lemma herm_forms_MGSSP:
  assumes A: "pos_def_mat m A" and B: "B \<in> carrier_mat m n" and "\<alpha> \<ge> 0" "\<beta> > 0"
    and x: "x \<in> carrier_vec (m + n)" "x \<noteq> 0\<^sub>v (m + n)"
  obtains d k where "herm_form (map_mat complex_of_real (P_MGSSP \<alpha> \<beta> A B)) x = d + 2 * k"
    and "herm_form (map_mat complex_of_real (Q_MGSSP \<alpha> \<beta> A B)) x = d + k"
    and "d \<ge> 0" and "Re k > 0 \<or> k = 0 \<and> d > 0"
proof -
  have Am: "A \<in> carrier_mat m m" using A unfolding pos_def_mat_def by simp
  define u v where "u = vec_first x m" and "v = vec_last x n"
  have u: "u \<in> carrier_vec m" and v: "v \<in> carrier_vec n" and x_split: "x = u @\<^sub>v v"
    using x(1) unfolding u_def v_def by simp_all
  let ?D = "block_scalar_mat \<alpha> \<beta> m n" and ?K = "saddle_point_mat A B"
  have DK: "?D \<in> carrier_mat (m + n) (m + n)" "?K \<in> carrier_mat (m + n) (m + n)"
    using Am B unfolding block_scalar_mat_def saddle_point_mat_def by auto
  define d where "d = herm_form (map_mat complex_of_real ?D) x"
  define k where "k = herm_form (map_mat complex_of_real ?K) x"
  have "herm_form (map_mat complex_of_real (P_MGSSP \<alpha> \<beta> A B)) x = d + 2 * k"
    using herm_form_real_lincomb[OF DK x(1), of 2] unfolding d_def k_def P_MGSSP_split[OF Am B]
    by simp
  moreover have "herm_form (map_mat complex_of_real (Q_MGSSP \<alpha> \<beta> A B)) x = d + k"
  proof -
    have "1 \<cdot>\<^sub>m ?K = ?K" by (intro eq_matI) auto
    then show ?thesis
      using herm_form_real_lincomb[OF DK x(1), of 1] unfolding d_def k_def Q_MGSSP_split[OF Am B]
      by simp
  qed
  moreover have d: "d = of_real \<alpha> * (u \<bullet>c u) + of_real \<beta> * (v \<bullet>c v)"
    unfolding d_def x_split by (rule herm_form_block_scalar_mat[OF u v])
  moreover have "d \<ge> 0"
    unfolding d using \<open>\<alpha> \<ge> 0\<close> \<open>\<beta> > 0\<close>
    by (intro add_nonneg_nonneg mult_nonneg_nonneg conjugate_square_ge_0_vec)
      (simp_all add: less_eq_complex_def)
  moreover have "Re k > 0 \<or> k = 0 \<and> d > 0"
  proof (cases "u = 0\<^sub>v m")
    case True
    then have "k = 0"
      using Am B v unfolding k_def x_split herm_form_saddle_point_mat[OF Am B u v]
      by (simp add: herm_form_def)
    moreover have "v \<noteq> 0\<^sub>v n" using x(2) True unfolding x_split by auto
    then have "d > 0"
      unfolding d using True conjugate_square_greater_0_vec[OF v] \<open>\<beta> > 0\<close>
      by (simp add: less_complex_def)
    ultimately show ?thesis by simp
  next
    case False
    then show ?thesis
      using Re_herm_form_pos_def_mat[OF A u]
      unfolding k_def x_split herm_form_saddle_point_mat[OF Am B u v] by simp
  qed
  ultimately show ?thesis using that by blast
qed

lemma det_P_MGSSP_nonzero:
  assumes A: "pos_def_mat m A" and B: "B \<in> carrier_mat m n" and ab: "\<alpha> \<ge> 0" "\<beta> > 0"
  shows "det (P_MGSSP \<alpha> \<beta> A B) \<noteq> 0"
proof
  let ?P = "P_MGSSP \<alpha> \<beta> A B"
  have P: "?P \<in> carrier_mat (m + n) (m + n)"
    using A B by (simp add: P_MGSSP_carrier pos_def_mat_def)
  assume "det ?P = 0"
  then obtain v where v: "v \<in> carrier_vec (m + n)" "v \<noteq> 0\<^sub>v (m + n)" "?P *\<^sub>v v = 0\<^sub>v (m + n)"
    using det_0_iff_vec_prod_zero_field[OF P] by auto
  let ?x = "map_vec complex_of_real v"
  have x: "?x \<in> carrier_vec (m + n)" "?x \<noteq> 0\<^sub>v (m + n)" using v by auto
  have "map_mat complex_of_real ?P *\<^sub>v ?x = map_vec complex_of_real (?P *\<^sub>v v)"
    by (rule of_real_hom.mult_mat_vec_hom[OF P v(1), symmetric])
  then have "herm_form (map_mat complex_of_real ?P) ?x = 0"
    using v unfolding herm_form_def by (simp add: of_real_hom.vec_hom_zero)
  moreover obtain d k where "herm_form (map_mat complex_of_real ?P) ?x = d + 2 * k"
    and "d \<ge> 0" and "Re k > 0 \<or> k = 0 \<and> d > 0"
    using herm_forms_MGSSP[OF A B ab x] by blast
  ultimately show False by (auto simp: less_eq_complex_def less_complex_def complex_eq_iff)
qed

lemma T_MGSSP_factor:
  assumes A: "pos_def_mat m A" and B: "B \<in> carrier_mat m n" and ab: "\<alpha> \<ge> 0" "\<beta> > 0"
  obtains Pi where "T_MGSSP \<alpha> \<beta> A B = Pi * Q_MGSSP \<alpha> \<beta> A B"
    and "P_MGSSP \<alpha> \<beta> A B * Pi = 1\<^sub>m (m + n)" and "Pi \<in> carrier_mat (m + n) (m + n)"
proof -
  let ?P = "P_MGSSP \<alpha> \<beta> A B"
  have P: "?P \<in> carrier_mat (m + n) (m + n)"
    using A B by (simp add: P_MGSSP_carrier pos_def_mat_def)
  have "?P \<in> Units (ring_mat TYPE(real) (m + n) ())"
    by (rule det_non_zero_imp_unit[OF P det_P_MGSSP_nonzero[OF A B ab]])
  then obtain Pi where "mat_inverse ?P = Some Pi"
    using mat_inverse(1)[OF P] by fastforce
  with mat_inverse(2)[OF P this] that show ?thesis
    unfolding T_MGSSP_def by simp
qed

lemma cmod_eigenvalue_T_MGSSP_less_1:
  assumes A: "pos_def_mat m A" and B: "B \<in> carrier_mat m n" and ab: "\<alpha> \<ge> 0" "\<beta> > 0"
    and \<mu>: "\<mu> \<in> spectrum (map_mat complex_of_real (T_MGSSP \<alpha> \<beta> A B))" "\<mu> \<noteq> 1"
  shows "cmod \<mu> < 1"
proof -
  let ?c = "map_mat complex_of_real"
  let ?P = "P_MGSSP \<alpha> \<beta> A B" and ?Q = "Q_MGSSP \<alpha> \<beta> A B"
  have Am: "A \<in> carrier_mat m m" using A unfolding pos_def_mat_def by simp
  have P: "?P \<in> carrier_mat (m + n) (m + n)" and Q: "?Q \<in> carrier_mat (m + n) (m + n)"
    using Am B by (simp_all add: P_MGSSP_carrier Q_MGSSP_carrier)
  obtain Pi where T: "T_MGSSP \<alpha> \<beta> A B = Pi * ?Q" and PPi: "?P * Pi = 1\<^sub>m (m + n)"
    and Pi: "Pi \<in> carrier_mat (m + n) (m + n)"
    using T_MGSSP_factor[OF A B ab] .
  have cT: "?c (T_MGSSP \<alpha> \<beta> A B) = ?c Pi * ?c ?Q"
    unfolding T by (rule of_real_hom.mat_hom_mult[OF Pi Q])
  have cPPi: "?c ?P * ?c Pi = 1\<^sub>m (m + n)"
    using of_real_hom.mat_hom_mult[OF P Pi] PPi of_real_hom.mat_hom_one by metis
  obtain x where x: "x \<in> carrier_vec (m + n)" "x \<noteq> 0\<^sub>v (m + n)"
    and eig: "(?c Pi * ?c ?Q) *\<^sub>v x = \<mu> \<cdot>\<^sub>v x"
    using \<mu>(1) Pi Q unfolding cT spectrum_def eigenvalue_def eigenvector_def by auto
  have "?c ?Q *\<^sub>v x = \<mu> \<cdot>\<^sub>v (?c ?P *\<^sub>v x)"
    using generalized_eigen_of_inverse_mult[OF _ _ _ cPPi x(1) eig] P Q Pi by simp
  then have "herm_form (?c ?Q) x = \<mu> * herm_form (?c ?P) x"
    using P x(1) unfolding herm_form_def by simp
  moreover obtain d k where "herm_form (?c ?P) x = d + 2 * k" and "herm_form (?c ?Q) x = d + k"
    and "d \<ge> 0" and "Re k > 0 \<or> k = 0 \<and> d > 0"
    using herm_forms_MGSSP[OF A B ab x] by blast
  ultimately have eq: "d + k = \<mu> * (d + 2 * k)" and "d \<ge> 0" and k: "Re k > 0 \<or> k = 0 \<and> d > 0"
    by simp_all
  show ?thesis
  proof (cases "k = 0")
    case True
    then show ?thesis using eq k \<mu>(2) by simp
  next
    case False
    then have "cmod (d + k) < cmod (d + 2 * k)"
      using k \<open>d \<ge> 0\<close> by (simp add: cmod_add_lt_cmod_add_double)
    then show ?thesis
      unfolding eq norm_mult by (simp add: mult_less_cancel_right2)
  qed
qed

theorem lemma4p3:
  fixes A B :: "real mat" and m n :: nat and \<alpha> \<beta> :: real
  assumes "A \<in> carrier_mat m m" and "pos_def_mat m A"
    and "B \<in> carrier_mat m n" and "n \<le> m"
    and "vec_space.rank m B < n"
    and "\<alpha> \<ge> 0" and "\<beta> > 0"
  shows "pseudo_spectral_radius (T_MGSSP \<alpha> \<beta> A B) < 1"
proof (rule pseudo_spectral_radius_less_1I)
  obtain Pi where "T_MGSSP \<alpha> \<beta> A B = Pi * Q_MGSSP \<alpha> \<beta> A B" "Pi \<in> carrier_mat (m + n) (m + n)"
    using T_MGSSP_factor[OF assms(2,3,6,7)] by blast
  then show "T_MGSSP \<alpha> \<beta> A B \<in> carrier_mat (m + n) (m + n)"
    using Q_MGSSP_carrier[OF assms(1,3)] by simp
  show "cmod \<mu> < 1" if "\<mu> \<in> spectrum (map_mat complex_of_real (T_MGSSP \<alpha> \<beta> A B))" "\<mu> \<noteq> 1" for \<mu>
    using cmod_eigenvalue_T_MGSSP_less_1[OF assms(2,3,6,7) that] .
qed

end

------

What is expected
Having found the line that contains "k = \<mu> * (d + 2", set down that line and all the rest through the end of the records, exactly.

Solution to the exercise
  ultimately have eq: "d + k = \<mu> * (d + 2 * k)" and "d \<ge> 0" and k: "Re k > 0 \<or> k = 0 \<and> d > 0"
    by simp_all
  show ?thesis
  proof (cases "k = 0")
    case True
    then show ?thesis using eq k \<mu>(2) by simp
  next
    case False
    then have "cmod (d + k) < cmod (d + 2 * k)"
      using k \<open>d \<ge> 0\<close> by (simp add: cmod_add_lt_cmod_add_double)
    then show ?thesis
      unfolding eq norm_mult by (simp add: mult_less_cancel_right2)
  qed
qed

theorem lemma4p3:
  fixes A B :: "real mat" and m n :: nat and \<alpha> \<beta> :: real
  assumes "A \<in> carrier_mat m m" and "pos_def_mat m A"
    and "B \<in> carrier_mat m n" and "n \<le> m"
    and "vec_space.rank m B < n"
    and "\<alpha> \<ge> 0" and "\<beta> > 0"
  shows "pseudo_spectral_radius (T_MGSSP \<alpha> \<beta> A B) < 1"
proof (rule pseudo_spectral_radius_less_1I)
  obtain Pi where "T_MGSSP \<alpha> \<beta> A B = Pi * Q_MGSSP \<alpha> \<beta> A B" "Pi \<in> carrier_mat (m + n) (m + n)"
    using T_MGSSP_factor[OF assms(2,3,6,7)] by blast
  then show "T_MGSSP \<alpha> \<beta> A B \<in> carrier_mat (m + n) (m + n)"
    using Q_MGSSP_carrier[OF assms(1,3)] by simp
  show "cmod \<mu> < 1" if "\<mu> \<in> spectrum (map_mat complex_of_real (T_MGSSP \<alpha> \<beta> A B))" "\<mu> \<noteq> 1" for \<mu>
    using cmod_eigenvalue_T_MGSSP_less_1[OF assms(2,3,6,7) that] .
qed

end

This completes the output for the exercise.